No caso do Goiânia Shopping, a empresa empreendedora Maia & Borba Ltda. com o nome de fantasia MB Engenharia, obteve o Alvará de Construção nº 022/C/92, sendo tal projeto aprovado, inclusive, pelo Núcleo de Meio Ambiente do IPLAN, sendo as obras iniciadas no ano de 1992.
Quando o Ministério Público instaurou o Inquérito Civil, naquele mesmo ano, não se dispunha de documentos e provas suficientes para o questionamento legal do domínio da área. Tanto é assim que, apesar da instauração do referido inquérito ter sido provocado por representação de vários moradores denunciando a violenta degradação de área de preservação permanente, ameaçada por construção comercial na sua área, não se conseguiu apurar a real situação do parque.
Associação reivindicou, mas promotor não agiu pelo resgate do parque!

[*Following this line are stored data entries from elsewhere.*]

lemma atomless_uniform_variable:
  fixes lam :: "'a::{second_countable_topology, t1_space} measure"
  assumes "prob_space lam" "sets lam = sets (restrict_space borel \<Omega>)" "\<And>\<beta>. emeasure lam {\<beta>} = 0"
  obtains U :: "'a \<Rightarrow> real" where "U \<in> borel_measurable lam" "\<And>\<beta>. U \<beta> \<in> {0..1}"
    "\<And>s. s \<in> {0..1} \<Longrightarrow> measure lam {\<beta>\<in>space lam. U \<beta> \<le> s} = s"
proof -
  interpret prob_space lam by fact
  obtain \<psi> :: "'a \<Rightarrow> real" where "inj \<psi>" and \<psi>_borel: "\<psi> \<in> borel_measurable borel"
    by (rule borel_measurable_injection_to_real)
  have \<psi>: "\<psi> \<in> borel_measurable lam"
    unfolding measurable_cong_sets[OF assms(2) refl] using \<psi>_borel by (rule measurable_restrict_space1)
  define \<nu> where "\<nu> = distr lam borel \<psi>"
  interpret \<nu>: real_distribution \<nu> unfolding \<nu>_def using \<psi> by simp
  have atomless: "measure \<nu> {t} = 0" for t
  proof -
    have "\<psi> -` {t} \<inter> space lam \<subseteq> {inv \<psi> t}" using \<open>inj \<psi>\<close> by (auto simp: inv_f_f)
    then have "\<psi> -` {t} \<inter> space lam = {} \<or> \<psi> -` {t} \<inter> space lam = {inv \<psi> t}"
      by (rule subset_singletonD)
    then have "measure lam (\<psi> -` {t} \<inter> space lam) = 0" using assms(3) by (auto simp: measure_def)
    then show ?thesis unfolding \<nu>_def using \<psi> by (simp add: measure_distr)
  qed
  have cdf_borel: "cdf \<nu> \<in> borel_measurable borel"
    by (rule borel_measurable_mono) (simp add: mono_def \<nu>.cdf_nondecreasing)
  have "measure lam {\<beta>\<in>space lam. cdf \<nu> (\<psi> \<beta>) \<le> s} = s" if "s \<in> {0..1}" for s
  proof -
    have "{t. cdf \<nu> t \<le> s} \<in> sets borel"
      using cdf_borel unfolding borel_measurable_iff_le by simp
    then have "measure \<nu> {t. cdf \<nu> t \<le> s} = measure lam (\<psi> -` {t. cdf \<nu> t \<le> s} \<inter> space lam)"
      unfolding \<nu>_def using \<psi> by (subst measure_distr) auto
    also have "\<psi> -` {t. cdf \<nu> t \<le> s} \<inter> space lam = {\<beta>\<in>space lam. cdf \<nu> (\<psi> \<beta>) \<le> s}" by auto
    finally show ?thesis
      using measure_cdf_sublevel[OF \<nu>.real_distribution_axioms atomless] that by simp
  qed
  moreover have "(\<lambda>\<beta>. cdf \<nu> (\<psi> \<beta>)) \<in> borel_measurable lam"
    using measurable_compose[OF \<psi> cdf_borel] .
  moreover have "cdf \<nu> (\<psi> \<beta>) \<in> {0..1}" for \<beta>
    using \<nu>.cdf_nonneg \<nu>.cdf_bounded_prob by auto
  ultimately show ?thesis using that by blast
qed

lemma atomless_prescribed_partition:
  fixes lam :: "'a::{second_countable_topology, t1_space} measure"
  assumes lam: "prob_space lam" "sets lam = sets (restrict_space borel \<Omega>)" "\<And>\<beta>. emeasure lam {\<beta>} = 0"
    and p: "\<And>j. p j \<ge> 0" "(\<Sum>j<n. p j) = 1"
  obtains J :: "'a \<Rightarrow> nat" where "J \<in> measurable lam (count_space UNIV)" "\<And>\<beta>. J \<beta> < n"
    "\<And>j. j < n \<Longrightarrow> measure lam {\<beta>\<in>space lam. J \<beta> = j} = p j"
proof -
  interpret prob_space lam by (rule lam(1))
  obtain U where U_meas: "U \<in> borel_measurable lam" and U01: "\<And>\<beta>. U \<beta> \<in> {0..1}"
    and U_unif: "\<And>s. s \<in> {0..1} \<Longrightarrow> measure lam {\<beta>\<in>space lam. U \<beta> \<le> s} = s"
    using atomless_uniform_variable[OF lam] by blast
  define S where "S j = (\<Sum>i<j. p i)" for j
  have S_mono: "i \<le> j \<Longrightarrow> S i \<le> S j" for i j
    unfolding S_def using p(1) by (intro sum_mono2) auto
  have "n > 0" using p(2) by (cases n) auto
  have S01: "j \<le> n \<Longrightarrow> S j \<in> {0..1}" for j
    using S_mono[of 0 j] S_mono[of j n] p(2) unfolding S_def by simp
  define J where "J \<beta> = (LEAST j. U \<beta> \<le> S (Suc j))" for \<beta>
  have ex: "U \<beta> \<le> S (Suc (n - 1))" for \<beta> using \<open>n > 0\<close> U01[of \<beta>] p(2) by (simp add: S_def)
  have J_le_iff: "J \<beta> \<le> j \<longleftrightarrow> U \<beta> \<le> S (Suc j)" for \<beta> j
  proof
    assume "J \<beta> \<le> j"
    have "U \<beta> \<le> S (Suc (J \<beta>))" unfolding J_def by (rule LeastI) (rule ex)
    also have "\<dots> \<le> S (Suc j)" using \<open>J \<beta> \<le> j\<close> by (intro S_mono) simp
    finally show "U \<beta> \<le> S (Suc j)" .
  qed (simp add: J_def Least_le)
  have J_lt: "J \<beta> < n" for \<beta>
    using J_le_iff[of \<beta> "n - 1"] ex \<open>n > 0\<close> by simp
  have below: "{\<beta>\<in>space lam. J \<beta> < j} = (if j = 0 then {} else {\<beta>\<in>space lam. U \<beta> \<le> S j})" for j
    by (cases j) (auto simp: less_Suc_eq_le J_le_iff)
  have below_sets: "{\<beta>\<in>space lam. J \<beta> < j} \<in> sets lam" for j
    using U_meas unfolding below by (auto simp: borel_measurable_iff_le)
  have below_measure: "measure lam {\<beta>\<in>space lam. J \<beta> < j} = S j" if "j \<le> n" for j
    unfolding below using U_unif[OF S01[OF that]] by (simp add: S_def)
  have level: "{\<beta>\<in>space lam. J \<beta> = j} = {\<beta>\<in>space lam. J \<beta> < Suc j} - {\<beta>\<in>space lam. J \<beta> < j}" for j
    by auto
  have "J \<in> measurable lam (count_space UNIV)"
    unfolding measurable_count_space_eq2_countable
  proof (intro conjI ballI)
    fix j :: nat
    have "J -` {j} \<inter> space lam = {\<beta>\<in>space lam. J \<beta> = j}" by auto
    then show "J -` {j} \<inter> space lam \<in> sets lam" using level below_sets by auto
  qed simp
  moreover have "measure lam {\<beta>\<in>space lam. J \<beta> = j} = p j" if "j < n" for j
  proof -
    have "measure lam {\<beta>\<in>space lam. J \<beta> = j} = S (Suc j) - S j"
      unfolding level using that below_sets
      by (subst finite_measure_Diff) (auto simp: below_measure)
    then show ?thesis by (simp add: S_def)
  qed
  ultimately show ?thesis using that J_lt by blast
qed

A diligência realizada pelo Ministério Público no IPLAN apurou a informação prestada, em 1992, pelo Grupo de Cadastro de Áreas Verdes, conforme nos diz o saudoso promotor de Justiça Sulivan Silvestre, no seu livro O Ministério Público e a defesa do meio ambiente, publicado pelo CERNE, em 1996, de que:
"(...) na planta de loteamento original do Setor Bueno a área constava como “parque”. Em loteamento posterior a 1974, legal mas indevidamente foi aprovado o loteamento desta área verde” .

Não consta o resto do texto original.